lemma ap_pos_le:
  fixes z :: 'k assumes "primitive_root_of_unity p z" shows "0 < ap" "ap \<le> 1"
proof -
  have p2: "2 \<le> p" using prime_p prime_ge_2_nat by blast
  show "0 < ap" using ap_eq[OF assms] av_pos prim_root_ne_1[OF assms p2] by simp
  have "absv z = 1" using av_root_unity[of z p] assms p2 unfolding primitive_root_of_unity_def by simp
  then show "ap \<le> 1" using ap_eq[OF assms] av_one_minus_le by simp
qed

text \<open>The factor of alpha_p(m,n) contributed by the cyclic factor of order m; it is the
minimal distance |1 - z^k| for z a primitive m-th root of unity and 0 < k < m.\<close>
definition af :: "nat \<Rightarrow> real" where "af m = ap ^ eps p m"

lemma af_props:
  fixes z :: 'k
  assumes z: "primitive_root_of_unity m z" and m: "0 < m"
  shows "0 < af m" "af m \<le> 1"
proof -
  have "0 < af m \<and> af m \<le> 1"
  proof (cases "p dvd m")
    case True
    have p0: "0 < p" using prime_p prime_gt_0_nat by blast
    have "primitive_root_of_unity p (z ^ (m div p))" using prim_pow_prim[OF z True p0 m] .
    then show ?thesis using ap_pos_le True unfolding af_def eps_def by simp
  next
    case False then show ?thesis unfolding af_def eps_def by simp
  qed
  then show "0 < af m" "af m \<le> 1" by auto
qed

lemma af_lower:
  assumes z: "primitive_root_of_unity m z" and m: "0 < m" and k: "0 < k" "k < m"
  shows "af m \<le> absv (1 - z ^ k)"
proof -
  have ne: "z ^ k \<noteq> 1" using z k unfolding primitive_root_of_unity_def by blast
  have "(z ^ k) ^ m = 1" using z unfolding primitive_root_of_unity_def
    by (metis mult.commute power_mult power_one)
  from root_dist_lower[OF this m ne] show ?thesis
  proof
    assume "1 \<le> absv (1 - z ^ k)" then show ?thesis using af_props[OF z m] by linarith
  next
    assume "p dvd m \<and> (\<exists>za. primitive_root_of_unity p za \<and> absv (1 - za) \<le> absv (1 - z ^ k))"
    then obtain za where "p dvd m" "primitive_root_of_unity p za" "absv (1 - za) \<le> absv (1 - z ^ k)" by blast
    then show ?thesis unfolding af_def eps_def using ap_eq by simp
  qed
qed

lemma alpha_eq: "alpha absv p m n = af m * af n"
  unfolding alpha_def af_def ap_def by (simp add: power_add)

text \<open>An exponent attaining the minimum af m: m/p if p divides m, and 1 otherwise.\<close>
definition af_exponent :: "nat \<Rightarrow> nat" where
  "af_exponent m = (if p dvd m then m div p else 1)"
(* Let $\mathcal C$ be a cartesian closed category with regular epi-mono factorizations, $S$ an object, and $T$ the state monad on $S$. For every $T$-algebra $(X,h)$, with $Y=L(X,h)$, the morphism $e_X^*:X\to Y^S$ is a morphism of $T$-algebras from $(X,h)$ to $(Y^S,\epsilon_Y^S)$, i.e. $e_X^*\circ h=\epsilon_Y^S\circ T(e_X^* )$.
   Context: $U(X)=X^S$, $F(X)=S\times X$, $F\dashv U$, $T=UF$, $TX=(S\times X)^S$. For $f:S\times X\to Z$, $f^*:X\to Z^S$ is its transpose. $\epsilon_Z:S\times Z^S\to Z$ is the counit (evaluation), $\eta_X=(\mathrm{id}_{S\times X})^*$, $\mu_X=(\epsilon_{S\times X})^S$; $q_X:S\times X\to X$ is the second projection. A $T$-algebra is $(X,h)$, $h:TX\to X$, with $h\circ Th=h\circ\mu_X$, $h\circ\eta_X=\mathrm{id}_X$; a morphism $(X,h)\to(X',h')$ is $u:X\to X'$ with $h'\circ Tu=u\circ h$. For a $T$-algebra $(X,h)$, $f_X=h\circ q_{S\times X}^*:S\times X\to X$ is factored as $f_X=m_X\circ e_X$ with $e_X:S\times X\to Y$ a regular epimorphism and $m_X:Y\to X$ a monomorphism; $Y=L(X,h)$ and $e_X^*:X\to Y^S$ is the transpose of $e_X$. *)

theory Defs
  imports Main
begin

text \<open>Arrows carry a domain and codomain; Cmp C g f is g after f.
Exp C S Z is the exponential Z^S, Ev C S Z : S x Z^S -> Z the evaluation.\<close>

record ('o,'m) ccat =
  Obj :: "'o set"
  Arr :: "'m set"
  Dom :: "'m \<Rightarrow> 'o"
  Cod :: "'m \<Rightarrow> 'o"
  Cmp :: "'m \<Rightarrow> 'm \<Rightarrow> 'm"
  Id  :: "'o \<Rightarrow> 'm"
  Prd :: "'o \<Rightarrow> 'o \<Rightarrow> 'o"
  Pr1 :: "'o \<Rightarrow> 'o \<Rightarrow> 'm"
  Pr2 :: "'o \<Rightarrow> 'o \<Rightarrow> 'm"
  Trm :: "'o"
  Exp :: "'o \<Rightarrow> 'o \<Rightarrow> 'o"
  Ev  :: "'o \<Rightarrow> 'o \<Rightarrow> 'm"

definition hom :: "('o,'m) ccat \<Rightarrow> 'o \<Rightarrow> 'o \<Rightarrow> 'm set" where
  "hom C A B = {f \<in> Arr C. Dom C f = A \<and> Cod C f = B}"

definition category :: "('o,'m) ccat \<Rightarrow> bool" where
  "category C \<longleftrightarrow>
     (\<forall>f \<in> Arr C. Dom C f \<in> Obj C \<and> Cod C f \<in> Obj C) \<and>
     (\<forall>A \<in> Obj C. Id C A \<in> hom C A A) \<and>
     (\<forall>f \<in> Arr C. \<forall>g \<in> Arr C. Dom C g = Cod C f \<longrightarrow>
        Cmp C g f \<in> hom C (Dom C f) (Cod C g)) \<and>
     (\<forall>f \<in> Arr C. \<forall>g \<in> Arr C. \<forall>k \<in> Arr C. Dom C g = Cod C f \<longrightarrow> Dom C k = Cod C g \<longrightarrow>
        Cmp C k (Cmp C g f) = Cmp C (Cmp C k g) f) \<and>
     (\<forall>f \<in> Arr C. Cmp C f (Id C (Dom C f)) = f \<and> Cmp C (Id C (Cod C f)) f = f)"

definition has_terminal :: "('o,'m) ccat \<Rightarrow> bool" where
  "has_terminal C \<longleftrightarrow> Trm C \<in> Obj C \<and> (\<forall>A \<in> Obj C. \<exists>!t. t \<in> hom C A (Trm C))"

definition has_products :: "('o,'m) ccat \<Rightarrow> bool" where
  "has_products C \<longleftrightarrow> (\<forall>A \<in> Obj C. \<forall>B \<in> Obj C.
     Prd C A B \<in> Obj C \<and> Pr1 C A B \<in> hom C (Prd C A B) A \<and> Pr2 C A B \<in> hom C (Prd C A B) B \<and>
     (\<forall>Z f g. f \<in> hom C Z A \<longrightarrow> g \<in> hom C Z B \<longrightarrow>
        (\<exists>!p. p \<in> hom C Z (Prd C A B) \<and> Cmp C (Pr1 C A B) p = f \<and> Cmp C (Pr2 C A B) p = g)))"

definition pmap :: "('o,'m) ccat \<Rightarrow> 'm \<Rightarrow> 'm \<Rightarrow> 'm" where
  "pmap C f g = (THE p. p \<in> hom C (Prd C (Dom C f) (Dom C g)) (Prd C (Cod C f) (Cod C g)) \<and>
      Cmp C (Pr1 C (Cod C f) (Cod C g)) p = Cmp C f (Pr1 C (Dom C f) (Dom C g)) \<and>
      Cmp C (Pr2 C (Cod C f) (Cod C g)) p = Cmp C g (Pr2 C (Dom C f) (Dom C g)))"

definition has_exponentials :: "('o,'m) ccat \<Rightarrow> bool" where
  "has_exponentials C \<longleftrightarrow> (\<forall>S \<in> Obj C. \<forall>Z \<in> Obj C.
     Exp C S Z \<in> Obj C \<and> Ev C S Z \<in> hom C (Prd C S (Exp C S Z)) Z \<and>
     (\<forall>X \<in> Obj C. \<forall>f \<in> hom C (Prd C S X) Z.
        (\<exists>!g. g \<in> hom C X (Exp C S Z) \<and> Cmp C (Ev C S Z) (pmap C (Id C S) g) = f)))"

definition cartesian_closed :: "('o,'m) ccat \<Rightarrow> bool" where
  "cartesian_closed C \<longleftrightarrow> category C \<and> has_terminal C \<and> has_products C \<and> has_exponentials C"

definition mono :: "('o,'m) ccat \<Rightarrow> 'm \<Rightarrow> bool" where
  "mono C m \<longleftrightarrow> m \<in> Arr C \<and>
     (\<forall>Z a b. a \<in> hom C Z (Dom C m) \<longrightarrow> b \<in> hom C Z (Dom C m) \<longrightarrow>
        Cmp C m a = Cmp C m b \<longrightarrow> a = b)"

definition regular_epi :: "('o,'m) ccat \<Rightarrow> 'm \<Rightarrow> bool" where
  "regular_epi C e \<longleftrightarrow> e \<in> Arr C \<and>
     (\<exists>P a b. a \<in> hom C P (Dom C e) \<and> b \<in> hom C P (Dom C e) \<and> Cmp C e a = Cmp C e b \<and>
        (\<forall>g \<in> Arr C. Dom C g = Dom C e \<longrightarrow> Cmp C g a = Cmp C g b \<longrightarrow>
           (\<exists>!k. k \<in> hom C (Cod C e) (Cod C g) \<and> Cmp C k e = g)))"

definition has_regepi_mono_factorizations :: "('o,'m) ccat \<Rightarrow> bool" where
  "has_regepi_mono_factorizations C \<longleftrightarrow> (\<forall>f \<in> Arr C. \<exists>e m.
     regular_epi C e \<and> mono C m \<and> Cod C e = Dom C m \<and> f = Cmp C m e)"

definition transp :: "('o,'m) ccat \<Rightarrow> 'o \<Rightarrow> 'o \<Rightarrow> 'o \<Rightarrow> 'm \<Rightarrow> 'm" where
  "transp C S X Z f = (THE g. g \<in> hom C X (Exp C S Z) \<and> Cmp C (Ev C S Z) (pmap C (Id C S) g) = f)"

definition expmap :: "('o,'m) ccat \<Rightarrow> 'o \<Rightarrow> 'm \<Rightarrow> 'm" where
  "expmap C S u = transp C S (Exp C S (Dom C u)) (Cod C u) (Cmp C u (Ev C S (Dom C u)))"

text \<open>State monad T = UF, F = S x -, on objects and arrows; unit and multiplication.\<close>
definition Tob :: "('o,'m) ccat \<Rightarrow> 'o \<Rightarrow> 'o \<Rightarrow> 'o" where
  "Tob C S X = Exp C S (Prd C S X)"

definition Tmap :: "('o,'m) ccat \<Rightarrow> 'o \<Rightarrow> 'm \<Rightarrow> 'm" where
  "Tmap C S u = expmap C S (pmap C (Id C S) u)"

definition eta :: "('o,'m) ccat \<Rightarrow> 'o \<Rightarrow> 'o \<Rightarrow> 'm" where
  "eta C S X = transp C S X (Prd C S X) (Id C (Prd C S X))"

definition mu :: "('o,'m) ccat \<Rightarrow> 'o \<Rightarrow> 'o \<Rightarrow> 'm" where
  "mu C S X = expmap C S (Ev C S (Prd C S X))"

definition T_algebra :: "('o,'m) ccat \<Rightarrow> 'o \<Rightarrow> 'o \<Rightarrow> 'm \<Rightarrow> bool" where
  "T_algebra C S X h \<longleftrightarrow> X \<in> Obj C \<and> h \<in> hom C (Tob C S X) X \<and>
     Cmp C h (Tmap C S h) = Cmp C h (mu C S X) \<and> Cmp C h (eta C S X) = Id C X"

definition f_alg :: "('o,'m) ccat \<Rightarrow> 'o \<Rightarrow> 'o \<Rightarrow> 'm \<Rightarrow> 'm" where
  "f_alg C S X h = Cmp C h (transp C S (Prd C S X) (Prd C S X) (Pr2 C S (Prd C S X)))"

end

theory Submission
  imports Defs
begin

text \<open>Write \<open>P = S \<times> X\<close> and let \<open>q\<^sup>* : P \<rightarrow> TX\<close> be the transpose of the second
  projection. Transposed projections are natural, so \<open>q\<^sup>* \<circ> (1 \<times> h) = Th \<circ> c\<close> and
  \<open>q\<^sup>* \<circ> \<epsilon>\<^sub>P = \<mu>\<^sub>X \<circ> c\<close>, where \<open>c\<close> is the transposed projection of \<open>S \<times> TX\<close>; since
  \<open>h \<circ> Th = h \<circ> \<mu>\<^sub>X\<close>, the map \<open>f\<^sub>X = h \<circ> q\<^sup>*\<close> coequalizes \<open>1 \<times> h\<close> and
  \<open>\<epsilon>\<^sub>P : S \<times> TX \<rightarrow> P\<close>. As \<open>m\<close> is mono and \<open>f\<^sub>X = m \<circ> e\<close>, so does \<open>e\<close>. Hence
  \<open>e\<^sup>* \<circ> h = (e \<circ> (1 \<times> h))\<^sup>* = (e \<circ> \<epsilon>\<^sub>P)\<^sup>* = e\<^sup>S\<close>, while
  \<open>\<epsilon>\<^sub>Y\<^sup>S \<circ> T(e\<^sup>*) = (\<epsilon>\<^sub>Y \<circ> (1 \<times> e\<^sup>*))\<^sup>S = e\<^sup>S\<close> by functoriality of \<open>(-)\<^sup>S\<close>.\<close>

locale ccc =
  fixes C :: "('o,'m) ccat"
  assumes cartesian_closed: "cartesian_closed C"
begin

lemma category: "category C"
  and has_products: "has_products C"
  and has_exponentials: "has_exponentials C"
  using cartesian_closed by (auto simp: cartesian_closed_def)

lemma hom_objs: "f \<in> hom C A B \<Longrightarrow> A \<in> Obj C \<and> B \<in> Obj C"
  using category unfolding category_def hom_def by auto

lemma comp_in_hom: "f \<in> hom C A B \<Longrightarrow> g \<in> hom C B D \<Longrightarrow> Cmp C g f \<in> hom C A D"
  using category unfolding category_def hom_def by auto

lemma comp_assoc:
  "f \<in> hom C A B \<Longrightarrow> g \<in> hom C B D \<Longrightarrow> k \<in> hom C D E \<Longrightarrow>
   Cmp C k (Cmp C g f) = Cmp C (Cmp C k g) f"
  using category unfolding category_def hom_def by auto

lemma id_in_hom: "A \<in> Obj C \<Longrightarrow> Id C A \<in> hom C A A"
  using category unfolding category_def by auto

lemma comp_id_left: "f \<in> hom C A B \<Longrightarrow> Cmp C (Id C B) f = f"
  using category unfolding category_def hom_def by auto

lemma product:
  "A \<in> Obj C \<Longrightarrow> B \<in> Obj C \<Longrightarrow> Prd C A B \<in> Obj C \<and>
   Pr1 C A B \<in> hom C (Prd C A B) A \<and> Pr2 C A B \<in> hom C (Prd C A B) B"
  using has_products unfolding has_products_def by auto

lemma product_arrow_eqI:
  assumes "A \<in> Obj C" "B \<in> Obj C" "p \<in> hom C Z (Prd C A B)" "q \<in> hom C Z (Prd C A B)"
    and "Cmp C (Pr1 C A B) p = Cmp C (Pr1 C A B) q" "Cmp C (Pr2 C A B) p = Cmp C (Pr2 C A B) q"
  shows "p = q"
proof -
  have "Cmp C (Pr1 C A B) p \<in> hom C Z A" "Cmp C (Pr2 C A B) p \<in> hom C Z B"
    using comp_in_hom assms product by blast+
  then have "\<exists>!r. r \<in> hom C Z (Prd C A B) \<and> Cmp C (Pr1 C A B) r = Cmp C (Pr1 C A B) p
       \<and> Cmp C (Pr2 C A B) r = Cmp C (Pr2 C A B) p"
    using has_products assms(1,2) unfolding has_products_def by blast
  then show ?thesis using assms by metis
qed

Activity: Could you give again exactly the lines from the line containing "B \<Longrightarrow> Cmp" through the final line of the data above, and no others?

Written response:
lemma comp_id_left: "f \<in> hom C A B \<Longrightarrow> Cmp C (Id C B) f = f"
  using category unfolding category_def hom_def by auto

lemma product:
  "A \<in> Obj C \<Longrightarrow> B \<in> Obj C \<Longrightarrow> Prd C A B \<in> Obj C \<and>
   Pr1 C A B \<in> hom C (Prd C A B) A \<and> Pr2 C A B \<in> hom C (Prd C A B) B"
  using has_products unfolding has_products_def by auto

lemma product_arrow_eqI:
  assumes "A \<in> Obj C" "B \<in> Obj C" "p \<in> hom C Z (Prd C A B)" "q \<in> hom C Z (Prd C A B)"
    and "Cmp C (Pr1 C A B) p = Cmp C (Pr1 C A B) q" "Cmp C (Pr2 C A B) p = Cmp C (Pr2 C A B) q"
  shows "p = q"
proof -
  have "Cmp C (Pr1 C A B) p \<in> hom C Z A" "Cmp C (Pr2 C A B) p \<in> hom C Z B"
    using comp_in_hom assms product by blast+
  then have "\<exists>!r. r \<in> hom C Z (Prd C A B) \<and> Cmp C (Pr1 C A B) r = Cmp C (Pr1 C A B) p
       \<and> Cmp C (Pr2 C A B) r = Cmp C (Pr2 C A B) p"
    using has_products assms(1,2) unfolding has_products_def by blast
  then show ?thesis using assms by metis
qed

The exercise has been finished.